What the exercise asks - A single count is required: the lines of the data below in which the word "from" occurs.
Content starts
lemma subspace_contractions: "M.subspace (contractions X m Y)"
  unfolding M.subspace_def
proof (intro conjI ballI allI)
  have "linear_functional sC (\<lambda>_. 0)"
    by (simp add: linear_functional_iff)
  from contractionsI[OF this] show "0 \<in> contractions X m Y"
    by (simp add: M.contract_zero)
next
  fix c n assume "n \<in> contractions X m Y"
  then obtain \<phi> where "linear_functional sC \<phi>" "n = contract sM \<phi> (rho X Y m)"
    by (rule contractionsE)
  moreover from this(1) have "linear_functional sC (\<lambda>f. c * \<phi> f)"
    by (simp add: linear_functional_iff algebra_simps)
  ultimately show "sM c n \<in> contractions X m Y"
    using contractionsI[of "\<lambda>f. c * \<phi> f"] by (simp add: M.contract_scale)
next
  fix n n' assume "n \<in> contractions X m Y" "n' \<in> contractions X m Y"
  then obtain \<phi> \<phi>' where "linear_functional sC \<phi>" "n = contract sM \<phi> (rho X Y m)"
    "linear_functional sC \<phi>'" "n' = contract sM \<phi>' (rho X Y m)"
    by (metis contractionsE)
  moreover from this(1,3) have "linear_functional sC (\<lambda>f. \<phi> f + \<phi>' f)"
    by (simp add: linear_functional_iff algebra_simps)
  ultimately show "n + n' \<in> contractions X m Y"
    using contractionsI[of "\<lambda>f. \<phi> f + \<phi>' f"] by (simp add: M.contract_add)
qed

lemma contractions_subset_span: "contractions X m Y \<subseteq> M.span (fst ` set (rho X Y m))"
  by (auto simp: contractions_def M.contract_in_span)

lemma finite_span_contractions: "\<exists>B. finite B \<and> M.span B = contractions X m Y"
  by (rule M.finitely_spanned_subspace[OF subspace_contractions _ contractions_subset_span]) simp
(* Let $0<\alpha<1$, $\theta>0$, and let $\bar Z^{\alpha,\theta}(t)=(M_1(D_{\alpha,\theta}(t)),\dots,M_q(D_{\alpha,\theta}(t)))$. Then for every $\bar n=(n_1,\dots,n_q)\in\mathbb{N}_0^q$ and $t\ge0$, $$\Pr\{\bar Z^{\alpha,\theta}(t)=\bar n\}=e^{t\theta^\alpha}\sum_{\substack{\Omega(k_i,n_i)\\ i=1,\dots,q}}\sum_{r=0}^\infty\frac{(-t(\lambda+\theta)^\alpha)^r}{r!}\,\frac{\Gamma(\alpha r+1)}{\Gamma\big(\alpha r+1-\sum_{i=1}^q\sum_{j=1}^{k_i}x_{ij}\big)}\prod_{i=1}^q\prod_{j=1}^{k_i}\frac{(-\lambda_{ij}/(\lambda+\theta))^{x_{ij}}}{x_{ij}!}.$$
   Context: Fix $q\ge1$, integers $k_1,\dots,k_q\ge1$, $\lambda_{ij}>0$ ($1\le i\le q$, $1\le j\le k_i$), $\lambda=\sum_{i,j}\lambda_{ij}$. The MGCP $\bar M(t)=(M_1(t),\dots,M_q(t))$ is the $\mathbb{N}_0^q$-valued process with $\bar M(0)=\bar0$, independent stationary increments and transition probabilities $\Pr\{\bar M(t+h)=\bar n+\bar j\mid\bar M(t)=\bar n\}=\lambda_{ij}h+o(h)$ if $\bar j$ has $i$th entry $j\in\{1,\dots,k_i\}$ and other entries $0$, $1-\lambda h+o(h)$ if $\bar j=\bar0$, $o(h)$ otherwise (equivalently, independent components with joint pgf $\exp(-t\sum_{i,j}\lambda_{ij}(1-u_i^j))$). $\{D_{\alpha,\theta}(t)\}$ is a tempered $\alpha$-stable subordinator independent of $\bar M$: $\mathbb{E}e^{-sD_{\alpha,\theta}(t)}=e^{-t((s+\theta)^\alpha-\theta^\alpha)}$. $\Omega(k_i,n_i)=\{(x_{i1},\dots,x_{ik_i})\in\mathbb{N}_0^{k_i}:\sum_jjx_{ij}=n_i\}$; the outer sum runs over families $(x_{ij})$ with $(x_{i1},\dots,x_{ik_i})\in\Omega(k_i,n_i)$ for each $i$. Convention: $1/\Gamma(z)=0$ for $z\in\{0,-1,-2,\dots\}$. *)

theory Defs
  imports "HOL-Probability.Probability"
begin

text \<open>Components are indexed by i < q (0-based), jump sizes by j in {1..k i}.
  Vectors in N_0^q are functions nat => nat of which only entries i < q matter.\<close>

definition mgcp_marginals ::
  "'a measure \<Rightarrow> nat \<Rightarrow> (nat \<Rightarrow> nat) \<Rightarrow> (nat \<Rightarrow> nat \<Rightarrow> real)
    \<Rightarrow> (real \<Rightarrow> 'a \<Rightarrow> nat \<Rightarrow> nat) \<Rightarrow> bool" where
  "mgcp_marginals P q k lam M \<longleftrightarrow>
     (\<forall>s i. i < q \<longrightarrow> (\<lambda>\<omega>. M s \<omega> i) \<in> measurable P (count_space UNIV)) \<and>
     (\<forall>s\<ge>0. \<forall>u::nat \<Rightarrow> real. (\<forall>i<q. 0 \<le> u i \<and> u i \<le> 1) \<longrightarrow>
        integral\<^sup>L P (\<lambda>\<omega>. \<Prod>i<q. u i ^ M s \<omega> i)
          = exp (- s * (\<Sum>i<q. \<Sum>j=1..k i. lam i j * (1 - u i ^ j))))"

definition tss_marginals ::
  "'a measure \<Rightarrow> real \<Rightarrow> real \<Rightarrow> (real \<Rightarrow> 'a \<Rightarrow> real) \<Rightarrow> bool" where
  "tss_marginals P \<alpha> \<theta> D \<longleftrightarrow>
     (\<forall>t\<ge>0. D t \<in> borel_measurable P \<and> (AE \<omega> in P. 0 \<le> D t \<omega>) \<and>
        (\<forall>s\<ge>0. integral\<^sup>L P (\<lambda>\<omega>. exp (- s * D t \<omega>))
                 = exp (- t * ((s + \<theta>) powr \<alpha> - \<theta> powr \<alpha>))))"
Content ends
Task answer - 3